_PROBLEM REQUIREMENTS_. Nothing outside the stretch is wanted. Repeat exactly the lines of the listing below from the one that contains "lin_map_smul[OF \<phi>] lin_map_smul[OF" through the one that contains "and \<open>0 \<times> V\<close>.\<close>", both ends included.

BEGIN DATA TO EXAMINE

lemma pre_rep_if_rep_alg: "rep_alg R \<Longrightarrow> pre_rep R"
proof -
  assume R: "rep_alg R"
  interpret V: vspace "rmod R"
    using R unfolding rep_alg_def vspace_def by blast
  have act_add: "ract R l (vadd (rmod R) v w) = vadd (rmod R) (ract R l v) (ract R l w)"
    if "l \<in> vcarrier (rlie R)" "v \<in> vcarrier (rmod R)" "w \<in> vcarrier (rmod R)" for l v w
    using R that unfolding rep_alg_def by blast
  have act_closed: "ract R l v \<in> vcarrier (rmod R)"
    if "l \<in> vcarrier (rlie R)" "v \<in> vcarrier (rmod R)" for l v
    using R that unfolding rep_alg_def by blast
  have act_zero: "ract R l (vzero (rmod R)) = vzero (rmod R)" if "l \<in> vcarrier (rlie R)" for l
    by (rule V.add_self_eq_zero) (use that act_add act_closed in \<open>simp_all flip: act_add\<close>)
  have "lie_ax (rlie R)" using R unfolding rep_alg_def by blast
  then show "pre_rep R"
    unfolding pre_rep_def lie_ax_def using V.vs_ax act_closed act_zero by blast
qed

lemma Frep_simps [simp]:
  "vcarrier (Frep R) = vcarrier (rlie R) \<times> vcarrier (rmod R)"
  "vadd (Frep R) (l1, v1) (l2, v2) = (vadd (rlie R) l1 l2, vadd (rmod R) v1 v2)"
  "vzero (Frep R) = (vzero (rlie R), vzero (rmod R))"
  "vsmul (Frep R) a (l, v) = (vsmul (rlie R) a l, vsmul (rmod R) a v)"
  "lbr (Frep R) (l1, v1) (l2, v2) = (lbr (rlie R) l1 l2, vsub (rmod R) (ract R l1 v2) (ract R l2 v1))"
  "tproj (Frep R) (l, v) = (vzero (rlie R), v)"
  by (simp_all add: Frep_def)

lemma vspace_Frep:
  assumes "vspace (rlie R)" "vspace (rmod R)"
  shows "vspace (Frep R)"
proof -
  interpret L: vspace "rlie R" by fact
  interpret V: vspace "rmod R" by fact
  have neg: "\<exists>y\<in>vcarrier (Frep R). vadd (Frep R) x y = vzero (Frep R)"
    if "x \<in> vcarrier (Frep R)" for x
    using that L.add_neg_right V.add_neg_right
    by (intro bexI[of _ "vsmul (Frep R) (- 1) x"]) auto
  show ?thesis
  proof (unfold vspace_def vs_ax_def, intro conjI)
    show "\<forall>x\<in>vcarrier (Frep R). \<forall>y\<in>vcarrier (Frep R). vadd (Frep R) x y = vadd (Frep R) y x"
      using L.add_commute V.add_commute by auto
    show "\<forall>x\<in>vcarrier (Frep R). \<exists>y\<in>vcarrier (Frep R). vadd (Frep R) x y = vzero (Frep R)"
      using neg by blast
  qed (clarsimp simp: L.add_assoc V.add_assoc L.smul_add V.smul_add L.add_smul V.add_smul
      L.smul_mult V.smul_mult)+
qed

lemma theta_cong_Frep_times:
  assumes "rep_cong R (T1, T2)"
  shows "theta_cong (Frep R) (T1 \<times> T2)"
proof -
  have T1: "lie_ideal (rlie R) T1" and T2: "subspace (rmod R) T2"
    and act: "\<And>l t. l \<in> vcarrier (rlie R) \<Longrightarrow> t \<in> T2 \<Longrightarrow> ract R l t \<in> T2"
             "\<And>t v. t \<in> T1 \<Longrightarrow> v \<in> vcarrier (rmod R) \<Longrightarrow> ract R t v \<in> T2"
    using assms unfolding rep_cong_def by auto
  have sub: "vsub (rmod R) a b \<in> T2" if "a \<in> T2" "b \<in> T2" for a b
    using T2 that unfolding subspace_def vsub_def by blast
  show ?thesis
    using T1 T2 act sub unfolding theta_cong_def lie_ideal_def subspace_def
    by (auto simp: subset_iff)
qed

context
  fixes R :: "('k::field, 'l, 'v) rep" and H :: "('k, 'l2, 'v2) rep"
  assumes R: "pre_rep R" and H: "pre_rep H"
begin

interpretation RL: vspace "rlie R" using pre_repD(1)[OF R] .
interpretation RV: vspace "rmod R" using pre_repD(2)[OF R] .
interpretation HL: vspace "rlie H" using pre_repD(1)[OF H] .
interpretation HV: vspace "rmod H" using pre_repD(2)[OF H] .
interpretation RF: vspace "Frep R" using vspace_Frep RL.vspace_axioms RV.vspace_axioms .
interpretation HF: vspace "Frep H" using vspace_Frep HL.vspace_axioms HV.vspace_axioms .

lemma theta_hom_Frep_map_prod:
  assumes "rep_hom R H \<phi> \<psi>"
  shows "theta_hom (Frep R) (Frep H) (map_prod \<phi> \<psi>)"
proof -
  have \<phi>: "lin_map (rlie R) (rlie H) \<phi>" and \<psi>: "lin_map (rmod R) (rmod H) \<psi>"
    and lbr: "\<And>x y. x \<in> vcarrier (rlie R) \<Longrightarrow> y \<in> vcarrier (rlie R) \<Longrightarrow>
               \<phi> (lbr (rlie R) x y) = lbr (rlie H) (\<phi> x) (\<phi> y)"
    and act: "\<And>l v. l \<in> vcarrier (rlie R) \<Longrightarrow> v \<in> vcarrier (rmod R) \<Longrightarrow>
               ract H (\<phi> l) (\<psi> v) = \<psi> (ract R l v)"
    using assms unfolding rep_hom_def lie_hom_def by blast+
  have \<phi>0: "\<phi> (vzero (rlie R)) = vzero (rlie H)"
    using lin_map_zero[OF RL.vspace_axioms HL.vspace_axioms \<phi>] .
  show ?thesis
    unfolding theta_hom_def lie_hom_def lin_map_def
    using lin_map_closed[OF \<phi>] lin_map_closed[OF \<psi>] lin_map_add[OF \<phi>] lin_map_add[OF \<psi>]
      lin_map_smul[OF \<phi>] lin_map_smul[OF \<psi>] lin_map_sub[OF RV.vspace_axioms \<psi>]
      lbr act pre_repD(4)[OF R] \<phi>0
    by auto
qed

text \<open>Commuting with the projections forces \<open>h\<close> to map \<open>L \<times> 0\<close> and \<open>0 \<times> V\<close> into
  \<open>L \<times> 0\<close> and \<open>0 \<times> V\<close>.\<close>
lemma theta_hom_Frep_eq_map_prod:
  assumes h: "theta_hom (Frep R) (Frep H) h" and x: "x \<in> vcarrier (Frep R)"
  shows "h x = map_prod (\<lambda>l. fst (h (l, vzero (rmod R)))) (\<lambda>v. snd (h (vzero (rlie R), v))) x"
proof -
  obtain l v where lv: "x = (l, v)" "l \<in> vcarrier (rlie R)" "v \<in> vcarrier (rmod R)"
    using x by auto
  note hD = theta_homD[OF h]
  have h0: "h (vzero (rlie R), vzero (rmod R)) = (vzero (rlie H), vzero (rmod H))"
    using theta_hom_zero[OF RF.vspace_axioms HF.vspace_axioms h] by simp
  have "tproj (Frep H) (h (l, vzero (rmod R))) = (vzero (rlie H), vzero (rmod H))"
    using hD(5)[of "(l, vzero (rmod R))"] lv h0 by simp
  hence snd_l: "snd (h (l, vzero (rmod R))) = vzero (rmod H)"
    by (cases "h (l, vzero (rmod R))") simp
  have "tproj (Frep H) (h (vzero (rlie R), v)) = h (vzero (rlie R), v)"
    using hD(5)[of "(vzero (rlie R), v)"] lv by simp
  hence fst_v: "fst (h (vzero (rlie R), v)) = vzero (rlie H)"
    by (cases "h (vzero (rlie R), v)") simp
  have "h (l, v) = vadd (Frep H) (h (l, vzero (rmod R))) (h (vzero (rlie R), v))"
    using hD(2)[of "(l, vzero (rmod R))" "(vzero (rlie R), v)"] lv by simp
  moreover have "h (l, vzero (rmod R)) \<in> vcarrier (Frep H)" "h (vzero (rlie R), v) \<in> vcarrier (Frep H)"
    using hD(1) lv by auto
  ultimately show ?thesis
    using lv snd_l fst_v by (cases "h (l, vzero (rmod R))", cases "h (vzero (rlie R), v)") auto
qed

END DATA TO EXAMINE

_ANSWER TO THIS PROBLEM_.
      lin_map_smul[OF \<phi>] lin_map_smul[OF \<psi>] lin_map_sub[OF RV.vspace_axioms \<psi>]
      lbr act pre_repD(4)[OF R] \<phi>0
    by auto
qed

text \<open>Commuting with the projections forces \<open>h\<close> to map \<open>L \<times> 0\<close> and \<open>0 \<times> V\<close> into
  \<open>L \<times> 0\<close> and \<open>0 \<times> V\<close>.\<close>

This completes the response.